Elle s'assit sur un banc dans la roseraie. Elle avait besoin d'une pause, reprendre son souffle pour mieux repartir. C'était un rituel obligatoire pour reprendre le cours de sa vie.
Elle ferma les yeux et exposa son visage au soleil un instant, pour faire le vide.

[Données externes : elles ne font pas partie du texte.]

lemma ice_vertex_row_forced:
  assumes ice: "\<forall>j<n. ice_vertex (a j) (a (Suc j)) (t j) (b j)"
    and "a 1" and "a 0 \<noteq> t 0" and "\<forall>j. 0 < j \<longrightarrow> j < n \<longrightarrow> t j"
  shows "\<forall>j<n. a (Suc j) \<and> b j = (j \<noteq> 0)"
proof (intro allI impI)
  fix j assume "j < n"
  then show "a (Suc j) \<and> b j = (j \<noteq> 0)"
  proof (induction j)
    case 0
    then show ?case using ice assms(2,3) by (auto simp: ice_vertex_def)
  next
    case (Suc j)
    then show ?case using ice assms(4) by (auto simp: ice_vertex_def)
  qed
qed

lemma mem_six_vertex_states_top_row_rightwards_iff:
  assumes corner: "L 0 \<noteq> Tp 0" and top: "\<forall>j. 0 < j \<longrightarrow> j \<le> c \<longrightarrow> Tp j"
  shows "(h, v) \<in> six_vertex_states (Suc r) (Suc c) L R Tp B \<and> h 0 1 \<longleftrightarrow>
    R 0 \<and> h 0 = (\<lambda>j. if j = 0 then L 0 else j \<le> Suc c) \<and> (\<forall>j. v j 0 \<longleftrightarrow> j < Suc c \<and> Tp j)
    \<and> (\<lambda>i. h (Suc i), \<lambda>j i. v j (Suc i))
        \<in> six_vertex_states r (Suc c) (\<lambda>i. L (Suc i)) (\<lambda>i. R (Suc i)) (\<lambda>j. j \<noteq> 0) B"
    (is "?state \<and> _ \<longleftrightarrow> _ \<and> _ \<and> _ \<and> ?rest \<in> ?I")
proof
  assume "?state \<and> h 0 1"
  then have mem: ?state and "h 0 1" by simp_all
  then have forced: "\<forall>j<Suc c. h 0 (Suc j) \<and> v j 1 = (j \<noteq> 0)"
    using corner top by (intro ice_vertex_row_forced) (auto simp: mem_six_vertex_states_Suc_rows_iff)
  have "h 0 j = (if j = 0 then L 0 else j \<le> Suc c)" for j
    using forced[rule_format, of "j - 1"] mem
    by (cases "j = 0") (auto simp: mem_six_vertex_states_Suc_rows_iff)
  moreover have "R 0" and "v j 0 = (j < Suc c \<and> Tp j)" for j
    using forced mem by (auto simp: mem_six_vertex_states_Suc_rows_iff)
  moreover have
    "six_vertex_states r (Suc c) (\<lambda>i. L (Suc i)) (\<lambda>i. R (Suc i)) (\<lambda>j. v j 1) B = ?I"
    using forced by (intro six_vertex_states_cong) auto
  then have "?rest \<in> ?I"
    using mem by (simp add: mem_six_vertex_states_Suc_rows_iff)
  ultimately show "R 0 \<and> h 0 = (\<lambda>j. if j = 0 then L 0 else j \<le> Suc c)
      \<and> (\<forall>j. v j 0 \<longleftrightarrow> j < Suc c \<and> Tp j) \<and> ?rest \<in> ?I"
    by auto
next
  assume rhs: "R 0 \<and> h 0 = (\<lambda>j. if j = 0 then L 0 else j \<le> Suc c)
      \<and> (\<forall>j. v j 0 \<longleftrightarrow> j < Suc c \<and> Tp j) \<and> ?rest \<in> ?I"
  then have "v j 1 = (j \<noteq> 0)" if "j < Suc c" for j
    using that by (simp add: mem_six_vertex_states_iff)
  moreover have
    "six_vertex_states r (Suc c) (\<lambda>i. L (Suc i)) (\<lambda>i. R (Suc i)) (\<lambda>j. v j 1) B = ?I"
    using calculation by (intro six_vertex_states_cong) auto
  ultimately show "?state \<and> h 0 1"
    using rhs corner top by (auto simp: mem_six_vertex_states_Suc_rows_iff ice_vertex_def)
qed

lemma card_top_row_rightwards:
  assumes corner: "L 0 \<noteq> Tp 0" and top: "\<forall>j. 0 < j \<longrightarrow> j \<le> c \<longrightarrow> Tp j"
  shows "card {s \<in> six_vertex_states (Suc r) (Suc c) L R Tp B. fst s 0 1} =
    (if R 0 then card (six_vertex_states r (Suc c) (\<lambda>i. L (Suc i)) (\<lambda>i. R (Suc i)) (\<lambda>j. j \<noteq> 0) B)
     else 0)"
proof -
  let ?A = "{s \<in> six_vertex_states (Suc r) (Suc c) L R Tp B. fst s 0 1}"
  let ?I = "six_vertex_states r (Suc c) (\<lambda>i. L (Suc i)) (\<lambda>i. R (Suc i)) (\<lambda>j. j \<noteq> 0) B"
  define glue :: "(nat \<Rightarrow> nat \<Rightarrow> bool) \<times> (nat \<Rightarrow> nat \<Rightarrow> bool) \<Rightarrow> _"
    where "glue = (\<lambda>(h, v). (case_nat (\<lambda>j. if j = 0 then L 0 else j \<le> Suc c) h,
                              \<lambda>j. case_nat (j < Suc c \<and> Tp j) (v j)))"
  note top_row_iff = mem_six_vertex_states_top_row_rightwards_iff[where L = L and Tp = Tp, OF corner top]
  have "inj_on glue ?I"
    by (rule inj_on_inverseI[where g = "\<lambda>(h, v). (\<lambda>i. h (Suc i), \<lambda>j i. v j (Suc i))"])
      (auto simp: glue_def)
  have glue_mem: "glue x \<in> ?A" if "R 0" and "x \<in> ?I" for x
  proof -
    obtain h v where x: "x = (h, v)" by (cases x)
    have "glue x \<in> six_vertex_states (Suc r) (Suc c) L R Tp B \<and> fst (glue x) 0 1"
      unfolding x glue_def prod.case fst_conv
      by (rule top_row_iff[THEN iffD2]) (use that in \<open>simp add: x\<close>)
    then show ?thesis by simp
  qed
  have glue_onto: "R 0 \<and> s \<in> glue ` ?I" if "s \<in> ?A" for s
  proof -
    obtain h v where s: "s = (h, v)" by (cases s)
    with that have "R 0" and h0: "h 0 = (\<lambda>j. if j = 0 then L 0 else j \<le> Suc c)"
      and v0: "\<forall>j. v j 0 \<longleftrightarrow> j < Suc c \<and> Tp j"
      and rest: "(\<lambda>i. h (Suc i), \<lambda>j i. v j (Suc i)) \<in> ?I"
      using top_row_iff by auto
    from h0 v0 have "s = glue (\<lambda>i. h (Suc i), \<lambda>j i. v j (Suc i))"
      by (auto simp: s glue_def fun_eq_iff split: nat.split)
    with \<open>R 0\<close> rest show ?thesis by blast
  qed
  have "?A = (if R 0 then glue ` ?I else {})"
  proof (cases "R 0")
    case True
    then show ?thesis unfolding if_P[OF True] using glue_mem glue_onto by blast
  next
    case False
    then show ?thesis unfolding if_not_P[OF False] using glue_onto by blast
  qed
  with \<open>inj_on glue ?I\<close> show ?thesis
    by (simp add: card_image)
qed

lemma swap_mem_six_vertex_states_iff:
  "prod.swap s \<in> six_vertex_states c r Tp B L R \<longleftrightarrow> s \<in> six_vertex_states r c L R Tp B"
  by (cases s) (auto simp: mem_six_vertex_states_iff ice_vertex_commute)

lemma card_six_vertex_states_transpose:
  "card {s \<in> six_vertex_states c r Tp B L R. P s} =
   card {s \<in> six_vertex_states r c L R Tp B. P (prod.swap s)}"
proof -
  have "{s \<in> six_vertex_states c r Tp B L R. P s} =
      prod.swap ` {s \<in> six_vertex_states r c L R Tp B. P (prod.swap s)}"
  proof (intro set_eqI iffI)
    fix s assume "s \<in> {s \<in> six_vertex_states c r Tp B L R. P s}"
    then show "s \<in> prod.swap ` {s \<in> six_vertex_states r c L R Tp B. P (prod.swap s)}"
      by (intro image_eqI[where x = "prod.swap s"])
        (simp_all add: swap_mem_six_vertex_states_iff[THEN iffD2])
  qed (auto dest: swap_mem_six_vertex_states_iff[THEN iffD2])
  then show ?thesis by (simp add: card_image)
qed

lemma card_left_column_downwards:
  assumes corner: "L 0 \<noteq> Tp 0" and left: "\<forall>i. 0 < i \<longrightarrow> i \<le> r \<longrightarrow> L i"
  shows "card {s \<in> six_vertex_states (Suc r) (Suc c) L R Tp B. snd s 0 1} =
    (if B 0 then card (six_vertex_states (Suc r) c (\<lambda>i. i \<noteq> 0) R (\<lambda>j. Tp (Suc j)) (\<lambda>j. B (Suc j)))
     else 0)"
proof -
  have "card {s \<in> six_vertex_states (Suc r) (Suc c) L R Tp B. snd s 0 1} =
      card {s \<in> six_vertex_states (Suc c) (Suc r) Tp B L R. fst s 0 1}"
    using card_six_vertex_states_transpose[where r = "Suc c" and c = "Suc r" and P = "\<lambda>s. snd s 0 1"]
    by simp
  moreover have
    "card (six_vertex_states c (Suc r) (\<lambda>j. Tp (Suc j)) (\<lambda>j. B (Suc j)) (\<lambda>i. i \<noteq> 0) R) =
     card (six_vertex_states (Suc r) c (\<lambda>i. i \<noteq> 0) R (\<lambda>j. Tp (Suc j)) (\<lambda>j. B (Suc j)))"
    using card_six_vertex_states_transpose[where r = c and c = "Suc r" and P = "\<lambda>_. True"] by simp
  ultimately show ?thesis
    using card_top_row_rightwards[where L = Tp and Tp = L and r = c and c = r and R = B and B = R]
      corner left
    by simp
qed

lemma card_six_vertex_states_corner_recurrence:
  assumes corner: "L 0 \<noteq> Tp 0"
    and left: "\<forall>i. 0 < i \<longrightarrow> i \<le> r \<longrightarrow> L i" and top: "\<forall>j. 0 < j \<longrightarrow> j \<le> c \<longrightarrow> Tp j"
  shows "card (six_vertex_states (Suc r) (Suc c) L R Tp B) =
    (if R 0 then card (six_vertex_states r (Suc c) (\<lambda>i. L (Suc i)) (\<lambda>i. R (Suc i)) (\<lambda>j. j \<noteq> 0) B)
     else 0) +
    (if B 0 then card (six_vertex_states (Suc r) c (\<lambda>i. i \<noteq> 0) R (\<lambda>j. Tp (Suc j)) (\<lambda>j. B (Suc j)))
     else 0)"
proof -
  let ?X = "six_vertex_states (Suc r) (Suc c) L R Tp B"
  have "snd s 0 1 \<longleftrightarrow> \<not> fst s 0 1" if "s \<in> ?X" for s
  proof -
    obtain h v where s: "s = (h, v)" by (cases s)
    have "ice_vertex (L 0) (h 0 1) (Tp 0) (v 0 1)"
      using that by (auto simp: s mem_six_vertex_states_Suc_rows_iff)
    with corner show ?thesis by (auto simp: s ice_vertex_def)
  qed
  then have "?X = {s \<in> ?X. fst s 0 1} \<union> {s \<in> ?X. snd s 0 1}"
    and "{s \<in> ?X. fst s 0 1} \<inter> {s \<in> ?X. snd s 0 1} = {}"
    by auto
  then have "card ?X = card {s \<in> ?X. fst s 0 1} + card {s \<in> ?X. snd s 0 1}"
    by (metis (no_types, lifting) card_Un_disjoint finite_six_vertex_states finite_Un)
  then show ?thesis
    using card_top_row_rightwards[where L = L and Tp = Tp, OF corner top]
      card_left_column_downwards[where L = L and Tp = Tp, OF corner left]
    by simp
qed

lemma six_vertex_states_zero_columns:
  "six_vertex_states r 0 L R Tp B =
    (if \<forall>i<r. L i = R i then {(\<lambda>i j. i < r \<and> j = 0 \<and> L i, \<lambda>j i. False)} else {})"
  by (auto simp: six_vertex_states_def ice_rule_def fun_eq_iff; metis)

lemma S_zero_rows: "S 0 (Suc c) = 0"
  using card_six_vertex_states_transpose[where r = 0 and c = "Suc c" and P = "\<lambda>_. True"]
  by (simp add: S_def six_vertex_states_zero_columns)

lemma T_zero_columns: "T (Suc r) 0 = (if r = 0 then 1 else 0)"
  by (auto simp: T_def six_vertex_states_zero_columns)

lemma S_eq_card_right_boundary_shifted:
  "S r (Suc c) =
    card (six_vertex_states r (Suc c) (\<lambda>i. True) (\<lambda>i. Suc i \<noteq> r) (\<lambda>j. j \<noteq> 0) (\<lambda>j. True))"
  unfolding S_def by (rule arg_cong[where f = card], rule six_vertex_states_cong) auto

lemma S_Suc_Suc: "S (Suc r) (Suc c) = S r (Suc c) + T (Suc r) c"
proof -
  have "S (Suc r) (Suc c) = (if r \<noteq> 0 then S r (Suc c) else 0) + T (Suc r) c"
    unfolding S_def [of "Suc r"] T_def S_eq_card_right_boundary_shifted
    by (subst card_six_vertex_states_corner_recurrence) auto
  then show ?thesis using S_zero_rows by (cases r) simp_all
qed

lemma T_Suc_Suc: "T (Suc r) (Suc c) = S r (Suc c) + T (Suc r) c"
proof -
  have "T (Suc r) (Suc c) = (if r \<noteq> 0 then S r (Suc c) else 0) + T (Suc r) c"
    unfolding T_def [of "Suc r"] S_eq_card_right_boundary_shifted
    by (subst card_six_vertex_states_corner_recurrence) auto
  then show ?thesis using S_zero_rows by (cases r) simp_all
qed

lemma T_eq_S: "T (Suc r) (Suc c) = S (Suc r) (Suc c)"
  by (simp only: S_Suc_Suc T_Suc_Suc)

lemma S_binomial: "S (Suc a) (Suc b) = (a + b) choose b"
proof (induction a arbitrary: b)
  case 0
  show ?case
  proof (induction b)
    case 0
    show ?case by (simp add: S_Suc_Suc S_zero_rows T_zero_columns)
  next
    case (Suc b)
    then show ?case by (simp add: S_Suc_Suc S_zero_rows T_eq_S)
  qed
next
  case (Suc a)
  note S_rows_binomial = Suc.IH
  show ?case
  proof (induction b)
    case 0
    show ?case using S_rows_binomial[of 0] by (simp add: S_Suc_Suc T_zero_columns)
  next
    case (Suc b)
    then show ?case using S_rows_binomial[of "Suc b"] by (simp add: S_Suc_Suc T_eq_S)
  qed
qed

theorem lemma1:
  fixes r c :: nat
  assumes "r \<ge> 1" and "c \<ge> 1"
  shows "S r c = (r + c - 2) choose (c - 1) \<and> T r c = (r + c - 2) choose (c - 1)"
proof -
  obtain a b where "r = Suc a" "c = Suc b"
    using assms by (metis Suc_le_D One_nat_def)
  then show ?thesis using S_binomial[of a b] T_eq_S[of a b] by simp
qed

end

Puis elle sentit une main se glisser dans la sienne, comme elle l'avait souhaité quelques heures plus tôt. Elle referma ses doigts sur la main familière puis rouvrit les yeux pour se tourner vers lui.
-Hey… souffla-t-il.
-Hey, répondit-elle sur le même ton.
Ils n'ajoutèrent rien de plus et s'accordèrent le silence un instant. Ils ne se firent pas l'affront de songer aux « et si ? » ni à ce qui aurait pu se passer s'ils avaient été juste un « il » et un « elle ». Il y avait bien longtemps que la complexité de leurs sentiments avait dépassé le lieu commun.
-Il y a ce restaurant que j'aimerai essayer… lança Jane au bout d'un moment.
Sortie de sa mélancolie, Lisbon lui sourit puis accepta de le suivre.
Ils ne savaient pas vraiment ce qu'ils étaient ni où ils allaient, mais ni lui ni elle n'avaient l'intention de changer.